■ **Brief**
Work out how many lines of this material hold the word "lemma". Write only that number.
+ + + + +
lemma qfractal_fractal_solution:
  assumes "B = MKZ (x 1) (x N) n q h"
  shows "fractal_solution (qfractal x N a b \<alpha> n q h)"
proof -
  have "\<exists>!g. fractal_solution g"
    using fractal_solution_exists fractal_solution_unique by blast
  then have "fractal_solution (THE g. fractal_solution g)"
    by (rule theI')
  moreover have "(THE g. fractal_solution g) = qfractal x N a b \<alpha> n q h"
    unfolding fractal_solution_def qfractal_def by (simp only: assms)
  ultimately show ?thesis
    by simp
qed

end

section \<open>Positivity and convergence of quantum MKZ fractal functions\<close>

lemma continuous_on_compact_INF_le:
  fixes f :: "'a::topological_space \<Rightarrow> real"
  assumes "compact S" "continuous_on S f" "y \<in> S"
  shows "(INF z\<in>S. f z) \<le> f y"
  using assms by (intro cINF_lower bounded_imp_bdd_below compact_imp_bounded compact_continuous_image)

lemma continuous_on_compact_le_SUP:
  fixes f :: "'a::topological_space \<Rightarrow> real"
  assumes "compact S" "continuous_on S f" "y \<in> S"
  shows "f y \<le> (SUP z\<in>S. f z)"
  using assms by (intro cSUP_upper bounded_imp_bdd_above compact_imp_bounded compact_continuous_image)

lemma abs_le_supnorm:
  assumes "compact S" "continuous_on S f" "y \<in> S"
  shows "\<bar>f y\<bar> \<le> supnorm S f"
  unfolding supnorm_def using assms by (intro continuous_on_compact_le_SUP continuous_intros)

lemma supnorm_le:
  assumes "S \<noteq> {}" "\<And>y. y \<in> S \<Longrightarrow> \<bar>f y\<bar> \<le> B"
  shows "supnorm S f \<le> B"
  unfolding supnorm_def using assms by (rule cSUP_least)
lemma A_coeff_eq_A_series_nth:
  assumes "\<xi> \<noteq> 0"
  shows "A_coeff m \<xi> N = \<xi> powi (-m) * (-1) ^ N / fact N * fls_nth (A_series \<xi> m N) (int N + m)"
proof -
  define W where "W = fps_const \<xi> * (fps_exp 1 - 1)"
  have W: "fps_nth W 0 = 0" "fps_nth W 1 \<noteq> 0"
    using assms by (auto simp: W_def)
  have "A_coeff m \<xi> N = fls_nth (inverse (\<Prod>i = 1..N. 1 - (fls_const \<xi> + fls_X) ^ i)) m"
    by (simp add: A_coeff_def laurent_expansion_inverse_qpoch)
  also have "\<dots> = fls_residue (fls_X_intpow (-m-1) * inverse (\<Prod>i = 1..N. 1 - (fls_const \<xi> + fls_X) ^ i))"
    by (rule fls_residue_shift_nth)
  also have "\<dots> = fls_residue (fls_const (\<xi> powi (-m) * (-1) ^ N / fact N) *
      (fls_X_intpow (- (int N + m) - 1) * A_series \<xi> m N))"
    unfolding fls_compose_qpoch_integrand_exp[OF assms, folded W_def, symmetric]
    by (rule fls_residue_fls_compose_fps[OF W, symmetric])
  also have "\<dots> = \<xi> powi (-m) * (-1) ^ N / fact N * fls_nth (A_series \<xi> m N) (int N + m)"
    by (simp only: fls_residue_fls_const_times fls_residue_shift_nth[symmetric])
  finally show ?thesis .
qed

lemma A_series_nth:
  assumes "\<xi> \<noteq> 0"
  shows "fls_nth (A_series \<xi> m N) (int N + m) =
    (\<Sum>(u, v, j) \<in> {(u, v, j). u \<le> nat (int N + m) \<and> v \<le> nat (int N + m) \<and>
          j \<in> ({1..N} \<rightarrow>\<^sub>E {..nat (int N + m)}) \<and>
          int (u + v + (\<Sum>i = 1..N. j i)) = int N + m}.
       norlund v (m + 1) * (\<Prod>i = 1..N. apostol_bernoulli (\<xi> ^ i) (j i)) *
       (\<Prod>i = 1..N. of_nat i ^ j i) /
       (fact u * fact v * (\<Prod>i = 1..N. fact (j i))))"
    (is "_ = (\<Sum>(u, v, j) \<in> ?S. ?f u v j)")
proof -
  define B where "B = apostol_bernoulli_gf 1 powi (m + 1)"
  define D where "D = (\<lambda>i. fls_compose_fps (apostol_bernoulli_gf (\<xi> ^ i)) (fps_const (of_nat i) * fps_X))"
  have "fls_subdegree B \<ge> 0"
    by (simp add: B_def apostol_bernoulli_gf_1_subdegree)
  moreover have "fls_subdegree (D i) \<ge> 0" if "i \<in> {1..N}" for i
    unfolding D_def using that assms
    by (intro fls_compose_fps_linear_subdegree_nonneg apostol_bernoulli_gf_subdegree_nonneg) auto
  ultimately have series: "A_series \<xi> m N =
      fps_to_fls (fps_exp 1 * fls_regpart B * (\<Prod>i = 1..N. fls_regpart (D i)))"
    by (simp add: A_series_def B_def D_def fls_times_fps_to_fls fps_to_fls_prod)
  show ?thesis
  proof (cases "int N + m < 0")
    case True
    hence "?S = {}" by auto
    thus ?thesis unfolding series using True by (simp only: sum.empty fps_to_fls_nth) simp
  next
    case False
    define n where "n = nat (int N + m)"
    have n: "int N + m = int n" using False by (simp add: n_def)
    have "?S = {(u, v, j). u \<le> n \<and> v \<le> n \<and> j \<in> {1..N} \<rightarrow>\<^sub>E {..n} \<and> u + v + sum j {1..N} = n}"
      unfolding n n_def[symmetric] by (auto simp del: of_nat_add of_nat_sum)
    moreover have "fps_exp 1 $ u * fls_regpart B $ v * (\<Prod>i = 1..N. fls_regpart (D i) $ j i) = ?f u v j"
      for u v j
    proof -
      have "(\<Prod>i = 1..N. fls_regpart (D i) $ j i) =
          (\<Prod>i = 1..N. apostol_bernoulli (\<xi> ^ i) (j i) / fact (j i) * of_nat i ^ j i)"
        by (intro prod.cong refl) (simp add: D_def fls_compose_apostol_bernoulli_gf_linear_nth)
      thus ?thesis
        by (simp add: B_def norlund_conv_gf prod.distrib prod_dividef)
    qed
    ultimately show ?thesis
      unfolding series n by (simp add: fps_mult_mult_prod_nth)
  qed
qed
+ + + + +
■ **Reply to the exercise**
7